Dickie works in concrete. Ready-mixed. He’s been in construction and aggregates all his working life. He’s the Chairman and CEO of one of the world’s biggest building material supply companies. Concrete is his life and he is so very passionate about the subject. He’s trying to convince me that the first recorded uses of cement are as important to world history as the discovery of fire. That his métier in life is as significant to the cultural development of humanity as archeology, medicine and philosophy combined.

But he’s no Mother Teresa. Dickie has offices in every conflict zone around the globe. He’s making enough concrete to rebuild countries faster than they can be destroyed. ‘War is big business,’ he tells me.

Anna is talking to Dickie’s pal, Freddie, a hedge fund manager. She’s all giggly and she looks like she’s enjoying herself. Dickie might be filthy rich but his conversation skills are as dry as the business he’s in. Dickie is boring the pants off me.

If I was wearing any pants, that is. If I was, Dickie would have bored them off me by now.

But I’m not.

This is what I’m wearing: a black floral lace band that covers my eyes, white knee-high stockings, red slingback stiletto pumps and, wrapped around me like a blanket, a floor-length cape – ruby red to match my favorite lipstick. This time I’m not wearing my underwear.

Anna is wearing a filigree metal mask shaped like a butterfly and an emerald green cape that she’s draped around her curves like a fur. Together, we look like two phases of a traffic signal.

The masks and capes are part of the door policy for this little soiree. Not leather and denim. Masked and anonymous. Because this is a themed sex party. An Eyes Wide Shut party.

This is worlds away from the Fuck Factory. This place is different. It’s exclusive and elite.

I wonder what Kubrick would make of this. Stanley, not Larry. He crafted a meticulous fable about the intersection between sex, wealth, power and privilege, his last masterwork, the longest single shoot in film history, a movie like every movie he made, where every detail, every nuance of its construction and staging is there for a specific reason. A movie that he put so much passion and work into that it killed him and he never got to see how it was received.

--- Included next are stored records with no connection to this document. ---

(* Let $1\le k\le n-1$ and let $\Sigma=\mathbb{S}^k\times\mathbb{R}^{n-k}\subset\mathbb{R}^{n+1}$ be a self-shrinker, with Euclidean coordinates $\vec x=(x_{k+1},\dots,x_n)$ on the $\mathbb{R}^{n-k}$ factor (and $x_n$ any one of these linear coordinates). Then the following subsets of $\Sigma$ are stable: (1) $\{x_n>\sqrt2\}$; (2) $\{|x_n|<\sqrt2\}$; (3) $\{x_n<-\sqrt2\}$; (4) $\{|\vec x|>\sqrt{2(n-k)}\}$; (5) $\{|\vec x|<\sqrt{2(n-k)}\}$.
   Context: $\mathbb{S}^k$ is the round sphere of radius $\sqrt{2k}$ centered at the origin of $\mathbb{R}^{k+1}$. Stability operator: $Lf=\Delta f-\tfrac12\langle\vec x,\nabla f\rangle+(|A|^2+\tfrac12)f$. A region $\Omega$ is stable if there is a function $u$ with $Lu=0$ and $u>0$ on $\Omega$. *)

theory Defs
  imports "HOL-Analysis.Analysis"
begin

text \<open>Ambient space R^{n+1} = 'a \<times> 'b with 'a = R^{k+1} (sphere factor) and
  'b = R^{n-k} (flat factor).  So k = DIM('a) - 1 and n - k = DIM('b).\<close>

definition sph_dim :: "'a::euclidean_space itself \<Rightarrow> nat" where
  "sph_dim _ = DIM('a) - 1"

definition sph_radius :: "'a::euclidean_space itself \<Rightarrow> real" where
  "sph_radius T = sqrt (2 * real (sph_dim T))"

definition cyl_shrinker :: "('a::euclidean_space \<times> 'b::euclidean_space) set" where
  "cyl_shrinker = {z. norm (fst z) = sph_radius TYPE('a)}"

text \<open>Geometric data of Sigma: outward unit normal, scalar mean curvature H
  (mean curvature vector = - H nu), and |A|^2 (k principal curvatures 1/R).\<close>
definition cyl_normal :: "('a::euclidean_space \<times> 'b::euclidean_space) \<Rightarrow> 'a \<times> 'b" where
  "cyl_normal z = (fst z /\<^sub>R sph_radius TYPE('a), 0)"

definition cyl_H :: "('a::euclidean_space \<times> 'b::euclidean_space) itself \<Rightarrow> real" where
  "cyl_H _ = real (sph_dim TYPE('a)) / sph_radius TYPE('a)"

definition cyl_Asq :: "('a::euclidean_space \<times> 'b::euclidean_space) itself \<Rightarrow> real" where
  "cyl_Asq _ = real (sph_dim TYPE('a)) / (sph_radius TYPE('a))\<^sup>2"

text \<open>For a C^2 ambient function u with derivative Du and second derivative D2u,
  the Laplace-Beltrami operator of the hypersurface Sigma at a point z of Sigma:
  Delta_Sigma u = Delta u - D^2u(nu,nu) - H <grad u, nu>.\<close>
definition cyl_laplacian ::
  "(('a::euclidean_space \<times> 'b::euclidean_space) \<Rightarrow> ('a \<times> 'b) \<Rightarrow>\<^sub>L real)
   \<Rightarrow> (('a \<times> 'b) \<Rightarrow> ('a \<times> 'b) \<Rightarrow>\<^sub>L (('a \<times> 'b) \<Rightarrow>\<^sub>L real))
   \<Rightarrow> ('a \<times> 'b) \<Rightarrow> real" where
  "cyl_laplacian Du D2u z =
     (\<Sum>e\<in>Basis. blinfun_apply (blinfun_apply (D2u z) e) e)
     - blinfun_apply (blinfun_apply (D2u z) (cyl_normal z)) (cyl_normal z)
     - cyl_H TYPE('a \<times> 'b) * blinfun_apply (Du z) (cyl_normal z)"

text \<open><x, grad_Sigma u> = <x, grad u> - <x, nu> <grad u, nu>.\<close>
definition cyl_pos_grad ::
  "(('a::euclidean_space \<times> 'b::euclidean_space) \<Rightarrow> ('a \<times> 'b) \<Rightarrow>\<^sub>L real) \<Rightarrow> ('a \<times> 'b) \<Rightarrow> real" where
  "cyl_pos_grad Du z = blinfun_apply (Du z) z - (z \<bullet> cyl_normal z) * blinfun_apply (Du z) (cyl_normal z)"

definition cyl_L ::
  "(('a::euclidean_space \<times> 'b::euclidean_space) \<Rightarrow> real)
   \<Rightarrow> (('a \<times> 'b) \<Rightarrow> ('a \<times> 'b) \<Rightarrow>\<^sub>L real)
   \<Rightarrow> (('a \<times> 'b) \<Rightarrow> ('a \<times> 'b) \<Rightarrow>\<^sub>L (('a \<times> 'b) \<Rightarrow>\<^sub>L real))
   \<Rightarrow> ('a \<times> 'b) \<Rightarrow> real" where
  "cyl_L u Du D2u z = cyl_laplacian Du D2u z - (1/2) * cyl_pos_grad Du z
      + (cyl_Asq TYPE('a \<times> 'b) + 1/2) * u z"

text \<open>A region Omega of Sigma is stable if there is a (C^2) function u with
  L u = 0 and u > 0 on Omega.  u is taken as a C^2 function on an open
  ambient neighbourhood of Omega (its Sigma-derivatives only depend on u|Sigma).\<close>
definition cyl_stable :: "('a::euclidean_space \<times> 'b::euclidean_space) set \<Rightarrow> bool" where
  "cyl_stable \<Omega> \<longleftrightarrow> \<Omega> \<subseteq> cyl_shrinker \<and>
     (\<exists>u Du D2u S. open S \<and> \<Omega> \<subseteq> S \<and>
        (\<forall>z\<in>S. (u has_derivative blinfun_apply (Du z)) (at z)) \<and>
        (\<forall>z\<in>S. (Du has_derivative blinfun_apply (D2u z)) (at z)) \<and>
        continuous_on S D2u \<and>
        (\<forall>z\<in>\<Omega>. cyl_L u Du D2u z = 0 \<and> u z > 0))"

end

theory Submission
  imports Defs
begin

text \<open>On \<open>\<Sigma>\<close> one has \<open>|A|\<^sup>2 = 1/2\<close>, and a function of the flat coordinates \<open>y\<close> alone
  does not see the normal direction, so \<open>L\<close> acts on it as the Ornstein-Uhlenbeck operator
  \<open>\<Delta> - y\<cdot>\<nabla>/2 + 1\<close> of \<open>\<real>\<^sup>n\<^sup>-\<^sup>k\<close>. The quadratic Hermite polynomials
  \<open>\<Sum>\<^sub>w (y\<cdot>w)\<^sup>2 - 2|w|\<^sup>2\<close> are eigenfunctions of \<open>\<Delta> - y\<cdot>\<nabla>/2\<close> with eigenvalue \<open>-1\<close>,
  hence are annihilated by \<open>L\<close>. Taking \<open>w = e\<^sub>n\<close> gives \<open>x\<^sub>n\<^sup>2 - 2\<close> and taking all basis
  vectors gives \<open>|y|\<^sup>2 - 2(n-k)\<close>; on each of the five regions one of these functions, or
  its negative, is positive.\<close>

lemma sum_Basis_prod:
  fixes f :: "'a::euclidean_space \<times> 'b::euclidean_space \<Rightarrow> 'c::comm_monoid_add"
  shows "sum f Basis = (\<Sum>i\<in>Basis. f (i, 0)) + (\<Sum>i\<in>Basis. f (0, i))"
proof -
  have "inj_on (\<lambda>u. (u::'a, 0::'b)) Basis" "inj_on (\<lambda>u. (0::'a, u::'b)) Basis"
    by (auto intro!: inj_onI)
  then show ?thesis
    unfolding Basis_prod_def by (subst sum.union_disjoint) (auto simp: sum.reindex)
qed

lemma sum_Basis_prod_snd_inner_sq:
  "(\<Sum>e\<in>(Basis :: ('a::euclidean_space \<times> 'b::euclidean_space) set). (snd e \<bullet> w)\<^sup>2) = w \<bullet> w"
proof -
  have "(\<Sum>e\<in>(Basis :: ('a \<times> 'b) set). (snd e \<bullet> w)\<^sup>2) = (\<Sum>i\<in>Basis. (w \<bullet> i) * (w \<bullet> i))"
    by (simp add: sum_Basis_prod power2_eq_square inner_commute)
  also have "\<dots> = w \<bullet> w"
    by (rule euclidean_inner[symmetric])
  finally show ?thesis .
qed

definition hermite_quadratic :: "'b::euclidean_space set \<Rightarrow> 'b \<Rightarrow> real" where
  "hermite_quadratic W y = (\<Sum>w\<in>W. (y \<bullet> w)\<^sup>2 - 2 * (w \<bullet> w))"

definition hermite_gradient :: "'b::euclidean_space set \<Rightarrow> 'b \<Rightarrow> 'b" where
  "hermite_gradient W y = (\<Sum>w\<in>W. (2 * (y \<bullet> w)) *\<^sub>R w)"

lemma hermite_quadratic_has_derivative:
  "(hermite_quadratic W has_derivative (\<lambda>v. v \<bullet> hermite_gradient W y)) (at y)"
  unfolding hermite_quadratic_def hermite_gradient_def
  by (auto intro!: derivative_eq_intros simp: inner_sum_right power2_eq_square algebra_simps)

lemma linear_hermite_gradient: "linear (hermite_gradient W)"
  by (auto simp: linear_iff hermite_gradient_def inner_add_left scaleR_add_left sum.distrib
      scaleR_sum_right sum_distrib_left algebra_simps)

lemma inner_hermite_gradient: "y \<bullet> hermite_gradient W y = 2 * (\<Sum>w\<in>W. (y \<bullet> w)\<^sup>2)"
  by (simp add: hermite_gradient_def inner_sum_right power2_eq_square sum_distrib_left mult.assoc)

lemma trace_hermite_gradient:
  "(\<Sum>e\<in>(Basis :: ('a::euclidean_space \<times> 'b::euclidean_space) set). snd e \<bullet> hermite_gradient W (snd e))
     = 2 * (\<Sum>w\<in>W. w \<bullet> w)"
proof -
  have "(\<Sum>e\<in>(Basis :: ('a \<times> 'b) set). snd e \<bullet> hermite_gradient W (snd e))
      = 2 * (\<Sum>e\<in>(Basis :: ('a \<times> 'b) set). \<Sum>w\<in>W. (snd e \<bullet> w)\<^sup>2)"
    by (simp add: inner_hermite_gradient sum_distrib_left)
  also have "\<dots> = 2 * (\<Sum>w\<in>W. w \<bullet> w)"
    by (subst sum.swap) (simp add: sum_Basis_prod_snd_inner_sq)
  finally show ?thesis .
qed

lemma cyl_Asq_eq_half:
  assumes "DIM('a::euclidean_space) \<ge> 2"
  shows "cyl_Asq TYPE('a \<times> 'b::euclidean_space) = 1/2"
  using assms unfolding cyl_Asq_def sph_radius_def sph_dim_def by simp

definition hermite_derivative ::
  "real \<Rightarrow> 'b::euclidean_space set \<Rightarrow> 'a::euclidean_space \<times> 'b \<Rightarrow> ('a \<times> 'b) \<Rightarrow>\<^sub>L real" where
  "hermite_derivative c W z = blinfun_inner_left (0, c *\<^sub>R hermite_gradient W (snd z))"

lemma hermite_derivative_apply:
  "blinfun_apply (hermite_derivative c W z) v = c * (snd v \<bullet> hermite_gradient W (snd z))"
  by (simp add: hermite_derivative_def inner_prod_def)

lemma bounded_linear_hermite_derivative: "bounded_linear (hermite_derivative c W)"
proof -
  have "linear (\<lambda>z :: 'a::euclidean_space \<times> 'b::euclidean_space. (0::'a, c *\<^sub>R hermite_gradient W (snd z)))"
    using linear_hermite_gradient[of W] by (simp add: linear_iff scaleR_add_right)
  then show ?thesis
    unfolding hermite_derivative_def
    by (auto intro: bounded_linear_compose[OF bounded_linear_blinfun_inner_left]
        simp: linear_conv_bounded_linear)
qed

lemma cyl_L_hermite_quadratic:
  assumes "DIM('a::euclidean_space) \<ge> 2"
  shows "cyl_L (\<lambda>z. c * hermite_quadratic W (snd z)) (hermite_derivative c W)
           (\<lambda>_. Blinfun (hermite_derivative c W)) (z :: 'a \<times> 'b::euclidean_space) = 0"
proof -
  let ?Du = "hermite_derivative c W :: 'a \<times> 'b \<Rightarrow> ('a \<times> 'b) \<Rightarrow>\<^sub>L real"
  have hessian: "blinfun_apply (Blinfun ?Du) = ?Du"
    by (rule bounded_linear_Blinfun_apply[OF bounded_linear_hermite_derivative])
  have laplacian: "(\<Sum>e\<in>Basis. blinfun_apply (blinfun_apply (Blinfun ?Du) e) e) = c * (2 * (\<Sum>w\<in>W. w \<bullet> w))"
  proof -
    have "(\<Sum>e\<in>Basis. blinfun_apply (blinfun_apply (Blinfun ?Du) e) e)
        = (\<Sum>e\<in>(Basis :: ('a \<times> 'b) set). c * (snd e \<bullet> hermite_gradient W (snd e)))"
      by (simp add: hessian hermite_derivative_apply)
    then show ?thesis
      by (simp add: trace_hermite_gradient flip: sum_distrib_left)
  qed
  have radial: "blinfun_apply (?Du z) z = 2 * c * (\<Sum>w\<in>W. (snd z \<bullet> w)\<^sup>2)"
    by (simp add: hermite_derivative_apply inner_hermite_gradient)
  have normal: "blinfun_apply (?Du x) (cyl_normal z) = 0" for x
    by (simp add: hermite_derivative_apply cyl_normal_def)
  have quadratic: "hermite_quadratic W (snd z) = (\<Sum>w\<in>W. (snd z \<bullet> w)\<^sup>2) - 2 * (\<Sum>w\<in>W. w \<bullet> w)"
    by (simp add: hermite_quadratic_def sum_subtractf sum_distrib_left)
  show ?thesis
    unfolding cyl_L_def cyl_laplacian_def cyl_pos_grad_def laplacian radial quadratic
    unfolding hessian normal cyl_Asq_eq_half[OF assms]
    by (simp only: ring_distribs)
qed

text \<open>A linear gradient has a constant Hessian, namely \<open>Blinfun Du\<close> itself.\<close>

lemma cyl_stableI_linear_derivative:
  fixes u :: "'a::euclidean_space \<times> 'b::euclidean_space \<Rightarrow> real"
  assumes "\<Omega> \<subseteq> cyl_shrinker" "bounded_linear Du"
    and "\<And>z. (u has_derivative blinfun_apply (Du z)) (at z)"
    and "\<And>z. z \<in> \<Omega> \<Longrightarrow> cyl_L u Du (\<lambda>_. Blinfun Du) z = 0 \<and> u z > 0"
  shows "cyl_stable \<Omega>"
  unfolding cyl_stable_def
  using assms
  by (intro conjI exI[of _ u] exI[of _ Du] exI[of _ "\<lambda>_. Blinfun Du"] exI[of _ UNIV])
    (auto simp: bounded_linear_Blinfun_apply intro: bounded_linear_imp_has_derivative)

lemma cyl_stable_hermite_quadratic:
  assumes "DIM('a::euclidean_space) \<ge> 2" "\<Omega> \<subseteq> cyl_shrinker"
    and "\<And>z. z \<in> \<Omega> \<Longrightarrow> c * hermite_quadratic W (snd z) > 0"
  shows "cyl_stable (\<Omega> :: ('a \<times> 'b::euclidean_space) set)"
proof (rule cyl_stableI_linear_derivative[OF assms(2) bounded_linear_hermite_derivative])
  fix z :: "'a \<times> 'b"
  have "((\<lambda>z. hermite_quadratic W (snd z)) has_derivative (\<lambda>v. snd v \<bullet> hermite_gradient W (snd z))) (at z)"
    by (rule has_derivative_compose[OF bounded_linear_imp_has_derivative[OF bounded_linear_snd]
          hermite_quadratic_has_derivative])
  then show "((\<lambda>z. c * hermite_quadratic W (snd z)) has_derivative blinfun_apply (hermite_derivative c W z)) (at z)"
    unfolding hermite_derivative_apply by (rule has_derivative_mult_right)
  show "z \<in> \<Omega> \<Longrightarrow> cyl_L (\<lambda>z. c * hermite_quadratic W (snd z)) (hermite_derivative c W)
          (\<lambda>_. Blinfun (hermite_derivative c W)) z = 0 \<and> c * hermite_quadratic W (snd z) > 0"
    using cyl_L_hermite_quadratic[OF assms(1)] assms(3) by blast
qed

lemma hermite_quadratic_unit:
  assumes "b \<in> Basis"
  shows "hermite_quadratic {b} y = (y \<bullet> b)\<^sup>2 - 2"
  using assms by (simp add: hermite_quadratic_def)

lemma hermite_quadratic_Basis:
  "hermite_quadratic (Basis :: 'b::euclidean_space set) y = (norm y)\<^sup>2 - 2 * real DIM('b)"
proof -
  have "(\<Sum>w\<in>(Basis :: 'b set). 2 * (w \<bullet> w)) = 2 * real DIM('b)"
    by simp
  then have "hermite_quadratic (Basis :: 'b set) y = (\<Sum>w\<in>Basis. (y \<bullet> w) * (y \<bullet> w)) - 2 * real DIM('b)"
    by (simp add: hermite_quadratic_def sum_subtractf power2_eq_square)
  also have "\<dots> = (norm y)\<^sup>2 - 2 * real DIM('b)"
    by (simp only: euclidean_inner[symmetric] power2_norm_eq_inner)
  finally show ?thesis .
qed

lemma sqrt_less_abs_iff: "sqrt a < \<bar>x\<bar> \<longleftrightarrow> a < x\<^sup>2"
  by (metis real_sqrt_abs real_sqrt_less_iff)

lemma abs_less_sqrt_iff: "\<bar>x\<bar> < sqrt a \<longleftrightarrow> x\<^sup>2 < a"
  by (metis real_sqrt_abs real_sqrt_less_iff)

theorem proposition4p5:
  fixes b :: "'b::euclidean_space"
  assumes "DIM('a::euclidean_space) \<ge> 2"
    and "b \<in> Basis"
  shows "cyl_stable {z :: 'a \<times> 'b. z \<in> cyl_shrinker \<and> snd z \<bullet> b > sqrt 2} \<and>
         cyl_stable {z :: 'a \<times> 'b. z \<in> cyl_shrinker \<and> \<bar>snd z \<bullet> b\<bar> < sqrt 2} \<and>
         cyl_stable {z :: 'a \<times> 'b. z \<in> cyl_shrinker \<and> snd z \<bullet> b < - sqrt 2} \<and>
         cyl_stable {z :: 'a \<times> 'b. z \<in> cyl_shrinker \<and> norm (snd z) > sqrt (2 * real DIM('b))} \<and>
         cyl_stable {z :: 'a \<times> 'b. z \<in> cyl_shrinker \<and> norm (snd z) < sqrt (2 * real DIM('b))}"
proof (intro conjI)
  note unit = cyl_stable_hermite_quadratic[OF assms(1), where W = "{b}", unfolded hermite_quadratic_unit[OF assms(2)]]
  note radial = cyl_stable_hermite_quadratic[OF assms(1), where W = Basis, unfolded hermite_quadratic_Basis]
  show "cyl_stable {z :: 'a \<times> 'b. z \<in> cyl_shrinker \<and> snd z \<bullet> b > sqrt 2}"
    by (rule unit[where c = 1]) (auto simp flip: sqrt_less_abs_iff)
  show "cyl_stable {z :: 'a \<times> 'b. z \<in> cyl_shrinker \<and> \<bar>snd z \<bullet> b\<bar> < sqrt 2}"
    by (rule unit[where c = "-1"]) (auto simp: abs_less_sqrt_iff)
  show "cyl_stable {z :: 'a \<times> 'b. z \<in> cyl_shrinker \<and> snd z \<bullet> b < - sqrt 2}"
    by (rule unit[where c = 1]) (auto simp flip: sqrt_less_abs_iff)
  show "cyl_stable {z :: 'a \<times> 'b. z \<in> cyl_shrinker \<and> norm (snd z) > sqrt (2 * real DIM('b))}"
    by (rule radial[where c = 1]) (auto simp flip: sqrt_less_abs_iff)
  show "cyl_stable {z :: 'a \<times> 'b. z \<in> cyl_shrinker \<and> norm (snd z) < sqrt (2 * real DIM('b))}"
    by (rule radial[where c = "-1"]) (auto simp flip: abs_less_sqrt_iff)
qed

end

Which is probably for the best. Because the one thing Stanley Kubrick probably did not foresee is that the very people he made the movie about would take the story literally. The conspicuously wealthy few whose power and privilege gives them free reign to live by their own social, moral and sexual code, one that just doesn’t apply to the rest of us; who think decadence is something you can buy with the flash of a credit card, or pick up in a showroom, would mistake it for little more than an elaborate commercial for a high end swingers club, little more than an excuse for a place like this.

We’re in the living room of a large, tastefully decorated private house filled with antique furniture and reproductions of fine art. It’s somewhere in the country. Exactly where, I don’t know, and neither does Anna, because we were driven up in a car service arranged by Bundy and we both dropped off on the way up, rocked to sleep by the sound of the engine, the trail of blinking tail lights ahead of us, and the gentle motion of the car as it swung around the curves of winding country roads once we left the city. And the next thing I knew, Anna was touching my shoulder and shaking me gently, saying, ‘Catherine… Catherine… wake up. We’re here.’